Мы поняли, что черная полоса ехала вместе с нами, или мы ехали по ней. Но не сдались. В Красноярске в это время находился с гастролями Русский драматический театр, а в нем служила старшая сестра моего отца с мужем. Отыскали городской театр, узнали гостиницу, где проживали наши актеры. Тетя Люда и дядя Коля первым делом нас накормили. Это была первая белая точка в черной полосе. Затем познакомили с замдиректора театра по хозвопросам. Он заверил, что решит нашу проблему, и поехал с нами на вокзал.
Билеты он не достал, а проблему решил. Повел нас на грузовую станцию, где познакомил с «хозяевами» вагона, который развозил багаж и почту от Москвы до Владивостока.
«Хозяева» объявили, что вплоть до Улан-Удэ мы становимся крепостными и будем разгружать и забирать багаж и почту со всех разъездов и полустанков. Но на крупных станциях мы должны будем прятаться от возможных проверок в служебном купе в нише над коридором. Сверх того, они не постеснялись взять с нас за проезд по 10 рублей.
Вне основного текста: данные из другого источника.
lemma norm_sum_ser_diff_le:
  fixes lam :: "'i \<Rightarrow> complex" and hc fc :: "nat \<Rightarrow> complex" and M B :: real
  assumes unimodular: "\<And>k. k \<in> I \<Longrightarrow> norm (lam k) = 1"
    and h_conv: "\<And>z. norm z < 1 \<Longrightarrow> summable (\<lambda>j. hc (Suc j) * z ^ Suc j)"
    and f_conv: "\<And>z. norm z < 1 \<Longrightarrow> summable (\<lambda>j. fc (Suc j) * z ^ Suc j)"
    and power_sums: "\<And>j. j < n \<Longrightarrow> hc (Suc j) * (\<Sum>k\<in>I. lam k ^ Suc j) = fc (Suc j)"
    and h_bnd: "\<And>j. norm (hc (Suc j)) \<le> M" and f_bnd: "\<And>j. norm (fc (Suc j)) \<le> M * B"
    and z: "norm z < 1"
  shows "norm ((\<Sum>k\<in>I. ser hc (lam k * z)) - ser fc z) \<le> M * (card I + B) * norm z ^ (n+1) / (1 - norm z)"
proof -
  define d where "d j = hc (Suc j) * (\<Sum>k\<in>I. lam k ^ Suc j) - fc (Suc j)" for j
  have h_sums: "(\<lambda>j. hc (Suc j) * (lam k * z) ^ Suc j) sums ser hc (lam k * z)" if "k \<in> I" for k
    unfolding ser_def using unimodular[OF that] z by (intro summable_sums h_conv) (simp add: norm_mult)
  have f_sums: "(\<lambda>j. fc (Suc j) * z ^ Suc j) sums ser fc z"
    unfolding ser_def using z by (intro summable_sums f_conv)
  have "(\<lambda>j. (\<Sum>k\<in>I. hc (Suc j) * (lam k * z) ^ Suc j) - fc (Suc j) * z ^ Suc j)
      sums ((\<Sum>k\<in>I. ser hc (lam k * z)) - ser fc z)"
    by (intro sums_diff sums_sum h_sums f_sums)
  moreover have "(\<Sum>k\<in>I. hc (Suc j) * (lam k * z) ^ Suc j) - fc (Suc j) * z ^ Suc j = d j * z ^ Suc j" for j
    by (simp add: d_def sum_distrib_left power_mult_distrib algebra_simps)
  ultimately have d_sums: "(\<lambda>j. d j * z ^ Suc j) sums ((\<Sum>k\<in>I. ser hc (lam k * z)) - ser fc z)"
    by simp
  have d_bnd: "norm (d j) \<le> M * (card I + B)" for j
  proof -
    have "norm (\<Sum>k\<in>I. lam k ^ Suc j) \<le> (\<Sum>k\<in>I. norm (lam k ^ Suc j))"
      by (rule norm_sum)
    also have "\<dots> = (\<Sum>k\<in>I. 1)"
      by (intro sum.cong refl) (simp add: norm_mult norm_power unimodular)
    also have "\<dots> = card I"
      by simp
    finally have "norm (hc (Suc j) * (\<Sum>k\<in>I. lam k ^ Suc j)) \<le> M * card I"
      unfolding norm_mult using h_bnd[of j] by (intro mult_mono) (auto intro: order_trans[OF norm_ge_zero])
    then show ?thesis
      unfolding d_def using norm_triangle_ineq4 f_bnd[of j] by (smt (verit) distrib_left)
  qed
  have d_zero: "j < n \<Longrightarrow> d j = 0" for j
    unfolding d_def using power_sums[of j] by (simp only: diff_self)
  show ?thesis
    by (rule norm_sums_le_geometric_tail[OF d_sums d_zero d_bnd z])
qed
definition partitions :: "nat \<Rightarrow> nat multiset set" where
  "partitions n = {p. (\<forall>x\<in>#p. 0 < x) \<and> sum_mset p = n}"

definition spart :: "nat multiset \<Rightarrow> nat" where
  "spart p = Min (set_mset p)"

definition Spt1_do :: "nat \<Rightarrow> nat multiset set" where
  "Spt1_do n = {p \<in> partitions n. p \<noteq> {#} \<and> count p (spart p) = 1 \<and>
     (\<forall>x \<in># p - {#spart p#}. count (p - {#spart p#}) x = 1 \<and> odd x \<noteq> odd (spart p))}"

definition num_larger :: "nat multiset \<Rightarrow> nat" where
  "num_larger p = size (filter_mset (\<lambda>x. spart p < x) p)"

definition B0 :: "nat \<Rightarrow> nat" where
  "B0 n = card {p \<in> Spt1_do n. even (num_larger p)}"

definition B1 :: "nat \<Rightarrow> nat" where
  "B1 n = card {p \<in> Spt1_do n. odd (num_larger p)}"

definition spt1_do :: "nat \<Rightarrow> int" where
  "spt1_do n = int (B0 n) + int (B1 n)"

definition spt1'_do :: "nat \<Rightarrow> int" where
  "spt1'_do n = int (B0 n) - int (B1 n)"

definition distinct_parts :: "nat multiset \<Rightarrow> bool" where
  "distinct_parts p = (\<forall>x\<in>#p. count p x = 1)"

definition p_de :: "nat \<Rightarrow> int" where
  "p_de n = int (card {p \<in> partitions n. distinct_parts p \<and> (\<forall>x\<in>#p. even x)})"

definition p_do :: "nat \<Rightarrow> int" where
  "p_do n = int (card {p \<in> partitions n. distinct_parts p \<and> (\<forall>x\<in>#p. odd x)})"

definition p'_do :: "nat \<Rightarrow> int" where
  "p'_do n = int (card {p \<in> partitions n. distinct_parts p \<and> (\<forall>x\<in>#p. odd x) \<and> even (size p)})
           - int (card {p \<in> partitions n. distinct_parts p \<and> (\<forall>x\<in>#p. odd x) \<and> odd (size p)})"

end

theory Submission
  imports Defs
begin

text \<open>Sort the partitions in Spt1_do(n) by their smallest part s. If s = 1, deleting it leaves a
  partition of n - 1 into distinct even parts. If s \<ge> 2, lowering s to s - 1 gives a partition
  of n - 1 into distinct parts that all have the parity of s - 1, and every nonempty such partition
  arises in exactly one way; s odd yields the even case, s even the odd case. Deleting the part 1
  keeps the number of parts larger than s, lowering s adds one part to it, so in the signed count
  the two copies of p_de cancel and p'_do changes sign.\<close>

lemma card_filter_split: "finite A \<Longrightarrow> card A = card {x\<in>A. P x} + card {x\<in>A. \<not> P x}"
  using card_Int_Diff[of A "Collect P"] by (simp add: Collect_conj_eq Int_commute set_diff_eq)

lemma card_Collect_bij_betw:
  "bij_betw f A B \<Longrightarrow> card {x\<in>A. P (f x)} = card {y\<in>B. P y}"
  by (rule bij_betw_same_card, rule bij_betw_Collect[where Q = P]) auto

lemma size_le_sum_mset: "(\<forall>x\<in>#p. 0 < (x::nat)) \<Longrightarrow> size p \<le> sum_mset p"
  by (induction p) auto

lemma member_le_sum_mset: "x \<in># p \<Longrightarrow> x \<le> sum_mset (p :: nat multiset)"
  by (auto dest!: multi_member_split)

lemma finite_partitions: "finite (partitions m)"
proof (rule finite_subset)
  show "partitions m \<subseteq> (\<Union>k\<le>m. multisets_of_size {..m} k)"
    using size_le_sum_mset member_le_sum_mset
    by (fastforce simp: partitions_def multisets_of_size_def)
qed auto

lemma partitions_add_mset:
  "add_mset s R \<in> partitions n \<longleftrightarrow> 0 < s \<and> (\<forall>x\<in>#R. 0 < x) \<and> s + sum_mset R = n"
  by (auto simp: partitions_def)

lemma distinct_parts_add_mset:
  "distinct_parts (add_mset s R) \<longleftrightarrow> s \<notin># R \<and> distinct_parts R"
proof -
  have "x \<noteq> s" if "x \<in># R" "s \<notin># R" for x
    using that by blast
  then show ?thesis
    unfolding distinct_parts_def by (auto simp: not_in_iff)
qed

lemma spart_add_mset: "\<forall>x\<in>#R. s \<le> x \<Longrightarrow> spart (add_mset s R) = s"
  unfolding spart_def by (intro Min_eqI) auto

lemma num_larger_add_mset: "\<forall>x\<in>#R. s < x \<Longrightarrow> num_larger (add_mset s R) = size R"
  unfolding num_larger_def
  by (simp add: spart_add_mset less_imp_le filter_mset_cong[of R R _ "\<lambda>_. True"])

lemma spart_split:
  assumes "count p (spart p) = 1"
  obtains R where "p = add_mset (spart p) R" and "\<forall>x\<in>#R. spart p < x"
proof
  show "p = add_mset (spart p) (p - {#spart p#})"
    using assms by (simp add: insert_DiffM count_greater_zero_iff[symmetric])
  have "spart p \<notin># p - {#spart p#}"
    using assms by (simp add: not_in_iff)
  moreover have "spart p \<le> x" if "x \<in># p" for x
    using that unfolding spart_def by simp
  ultimately show "\<forall>x\<in># p - {#spart p#}. spart p < x"
    by (metis in_diffD order_le_imp_less_or_eq)
qed

lemma Suc_less_if_same_parity:
  fixes t x :: nat
  shows "t < x \<Longrightarrow> even x = even t \<Longrightarrow> Suc t < x"
  by (metis Suc_lessI even_Suc)

lemma Spt1_doE:
  assumes "\<pi> \<in> Spt1_do n"
  obtains s R where "\<pi> = add_mset s R" and "0 < s" and "s + sum_mset R = n"
    and "distinct_parts R" and "\<forall>x\<in>#R. s < x \<and> odd x \<noteq> odd s"
proof -
  define s where "s = spart \<pi>"
  have "count \<pi> s = 1" and "\<pi> \<in> partitions n"
    using assms by (simp_all add: Spt1_do_def s_def)
  obtain R where \<pi>: "\<pi> = add_mset s R" and R: "\<forall>x\<in>#R. s < x"
    using spart_split \<open>count \<pi> s = 1\<close> unfolding s_def by blast
  have "\<forall>x\<in>#\<pi> - {#s#}. count (\<pi> - {#s#}) x = 1 \<and> odd x \<noteq> odd s"
    using assms unfolding Spt1_do_def s_def by blast
  then have "distinct_parts R" and "\<forall>x\<in>#R. odd x \<noteq> odd s"
    unfolding distinct_parts_def using \<pi> by simp_all
  moreover have "0 < s" and "s + sum_mset R = n"
    using \<open>\<pi> \<in> partitions n\<close> unfolding \<pi> partitions_add_mset by simp_all
  ultimately show thesis
    using that \<pi> R by blast
qed

lemma add_mset_in_Spt1_do:
  assumes "0 < s" and "s + sum_mset R = n" and "distinct_parts R"
    and R: "\<forall>x\<in>#R. s < x \<and> odd x \<noteq> odd s"
  shows "add_mset s R \<in> Spt1_do n"
proof -
  have "spart (add_mset s R) = s"
    using R by (simp add: spart_add_mset less_imp_le)
  moreover have "count R s = 0"
    using R by (auto simp: count_eq_zero_iff)
  moreover have "add_mset s R \<in> partitions n"
    using assms less_trans unfolding partitions_add_mset by blast
  ultimately show ?thesis
    using R \<open>distinct_parts R\<close> unfolding Spt1_do_def distinct_parts_def by simp
qed

lemma num_larger_Spt1_do:
  "\<pi> \<in> Spt1_do n \<Longrightarrow> num_larger \<pi> = size (\<pi> - {#spart \<pi>#})"
  by (elim Spt1_doE) (simp add: num_larger_add_mset spart_add_mset less_imp_le)

lemma finite_Spt1_do: "finite (Spt1_do n)"
  using finite_partitions by (simp add: Spt1_do_def)

definition distinct_partitions :: "(nat \<Rightarrow> bool) \<Rightarrow> nat \<Rightarrow> nat multiset set" where
  "distinct_partitions P m = {p \<in> partitions m. distinct_parts p \<and> (\<forall>x\<in>#p. P x)}"

lemma finite_distinct_partitions: "finite (distinct_partitions P m)"
  using finite_partitions by (simp add: distinct_partitions_def)

lemma p_de_eq: "p_de m = int (card (distinct_partitions even m))"
  by (simp add: p_de_def distinct_partitions_def)

lemma p_do_eq: "p_do m = int (card (distinct_partitions odd m))"
  by (simp add: p_do_def distinct_partitions_def)

lemma p'_do_eq:
  "p'_do m = int (card {E \<in> distinct_partitions odd m. even (size E)})
           - int (card {E \<in> distinct_partitions odd m. odd (size E)})"
  by (simp add: p'_do_def distinct_partitions_def conj_assoc)

lemma distinct_partitionsE:
  assumes "E \<in> distinct_partitions P m" and "0 < m"
  obtains t R where "E = add_mset t R" and "0 < t" and "P t" and "t + sum_mset R = m"
    and "distinct_parts R" and "\<forall>x\<in>#R. t < x \<and> P x"
proof -
  define t where "t = spart E"
  have "E \<noteq> {#}"
    using assms by (auto simp: distinct_partitions_def partitions_def)
  then have "t \<in># E"
    unfolding t_def spart_def by simp
  then have "count E t = 1"
    using assms by (simp add: distinct_partitions_def distinct_parts_def)
  then obtain R where E: "E = add_mset t R" and R: "\<forall>x\<in>#R. t < x"
    using spart_split unfolding t_def by blast
  moreover have "0 < t" "P t" "t + sum_mset R = m" "distinct_parts R" "\<forall>x\<in>#R. P x"
    using assms(1) unfolding E
    by (auto simp: distinct_partitions_def partitions_add_mset distinct_parts_add_mset)
  ultimately show thesis
    using that by blast
qed

lemma add_mset_in_distinct_partitions:
  assumes "0 < t" and "P t" and "t + sum_mset R = m" and "distinct_parts R"
    and R: "\<forall>x\<in>#R. t < x \<and> P x"
  shows "add_mset t R \<in> distinct_partitions P m"
proof -
  have "t \<notin># R"
    using R by blast
  moreover have "\<forall>x\<in>#R. 0 < x"
    using R \<open>0 < t\<close> less_trans by blast
  ultimately show ?thesis
    using assms unfolding distinct_partitions_def
    by (simp add: partitions_add_mset distinct_parts_add_mset)
qed

lemma bij_betw_remove_spart_one:
  assumes "1 \<le> n"
  shows "bij_betw (\<lambda>\<pi>. \<pi> - {#1#}) {\<pi> \<in> Spt1_do n. spart \<pi> = 1}
    (distinct_partitions even (n - 1))"
proof (rule bij_betw_byWitness[where f' = "add_mset 1"])
  let ?A = "{\<pi> \<in> Spt1_do n. spart \<pi> = 1}"
  let ?B = "distinct_partitions even (n - 1)"
  have "\<pi> - {#1#} \<in> ?B \<and> add_mset 1 (\<pi> - {#1#}) = \<pi>" if "\<pi> \<in> Spt1_do n" and "spart \<pi> = 1" for \<pi>
    using that(1)
  proof (rule Spt1_doE)
    fix s R
    assume \<pi>: "\<pi> = add_mset s R" and "0 < s" "s + sum_mset R = n" "distinct_parts R"
      and R: "\<forall>x\<in>#R. s < x \<and> odd x \<noteq> odd s"
    moreover have "s = 1"
      using \<open>spart \<pi> = 1\<close> R unfolding \<pi> by (simp add: spart_add_mset less_imp_le)
    ultimately show ?thesis
      by (auto simp: distinct_partitions_def partitions_def)
  qed
  then show "(\<lambda>\<pi>. \<pi> - {#1#}) ` ?A \<subseteq> ?B" and "\<forall>\<pi>\<in>?A. add_mset 1 (\<pi> - {#1#}) = \<pi>"
    by auto
  have "add_mset 1 E \<in> ?A" if E: "E \<in> ?B" for E
  proof -
    have "\<forall>x\<in>#E. 1 < x \<and> odd x \<noteq> odd (1::nat)"
      using E Suc_less_if_same_parity[of 0] by (auto simp: distinct_partitions_def partitions_def)
    moreover have "1 + sum_mset E = n" "distinct_parts E"
      using E assms by (auto simp: distinct_partitions_def partitions_def)
    ultimately show ?thesis
      by (simp add: add_mset_in_Spt1_do spart_add_mset less_imp_le)
  qed
  then show "add_mset 1 ` ?B \<subseteq> ?A"
    by auto
qed simp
На шестые сутки мы добрались до Улан-Удэ. Лева адреса нам не давал, объяснил только, что каждый житель города легко подскажет, куда ехать - достаточно сказать, что нужен «большой дом». Он нас не обманул. Дом, действительно, в то время (1968 год) был самым большим в Улан-Удэ: пятиэтажным и очень длинным.
Познакомились с его мамой и пятилетним братишкой Доржиком, фото которого до сих пор храню в альбоме. Накормили нас праздничным обедом, мы впервые попробовали бурятские позы - это похожее на привычные среднеазиатские манты национальное блюдо.
На следующее утро помчались на рынок продавать яблоки. Действительно, на трех прилавках красовался крупный «алма-атинский апорт» ярко красного цвета по 3 рубля 50 копеек за кг. Раздобыли весы, разложили нашу «грушовку». Чтобы побыстрее покончить с торговлей, цену установили в два с полтиной.
Но народ проходил мимо и упорно покупал «апорт». Мы стали расхваливать свой товар. Безуспешно. Одна пожилая женщина даже укоризненно нас пожурила: «Молодые, а брешете. Какая Средняя Азия, какая Киргизия? Такие яблоки у нас на дачах растут. И красная цена им 50 копеек».
За час не удалось продать ни одного яблока. Затем к нам подошел один из торговавших «апортом» азербайджанцев и предложил купить «грушовку» оптом по рублю за килограмм. «Я знаю, что товар у вас хороший, но здесь покупают только красные яблоки, зря время теряете».
Мы гордо отклонили предложение, но собрались и уехали на другой рынок, где народа было поменьше, и яблоками никто не торговал. Цену установили по два рубля, самые хорошие яблоки порезали на дольки и стали предлагать попробовать и убедиться в их отменном вкусе. Дело сдвинулось с мертвой точки, но медленно-медленно. До вечера удалось реализовать всего лишь килограммов пятнадцать. Наш бюджет дал ощутимую трещину.
Утром мы подарили все оставшиеся яблоки Левиной маме. Затем подъехал четвертый участник нашей экспедиции Борис, двоюродный брат Левки, на машине, которую предоставил нам его отец.
И через четыре часа мы высадились на берегу Байкала, недалеко от Гремячинска.
- Ну, наконец-то, - встрепенулся ПеПе. А то я уже решил, что до легендарных денег мы дойдем в 133 серии «Рабыни Изауры».
- А ты как хотел, - съязвил Прищепка. – Это тебе не обоснование на одном листочке, чтобы выцыганить пару десятков миллионов на строительстве жилья. Легендарные деньги – они этикета требуют, да еще отдельно стоящего бункера для их хранения.
- Ладно, уговорили. Буду краток. Подробно распишу наши приключения в байкальской тайге как-нибудь в другой раз. Просто представьте, мы самонадеянно решили, что черная полоса закончилась. Но оказалось, ни Лев, ни его брат Борис, хотя и прожили уже по двадцать лет в Бурятии, по тайге самостоятельно не бродили. И, как и мы с Сашкой, были обречены учиться на ходу.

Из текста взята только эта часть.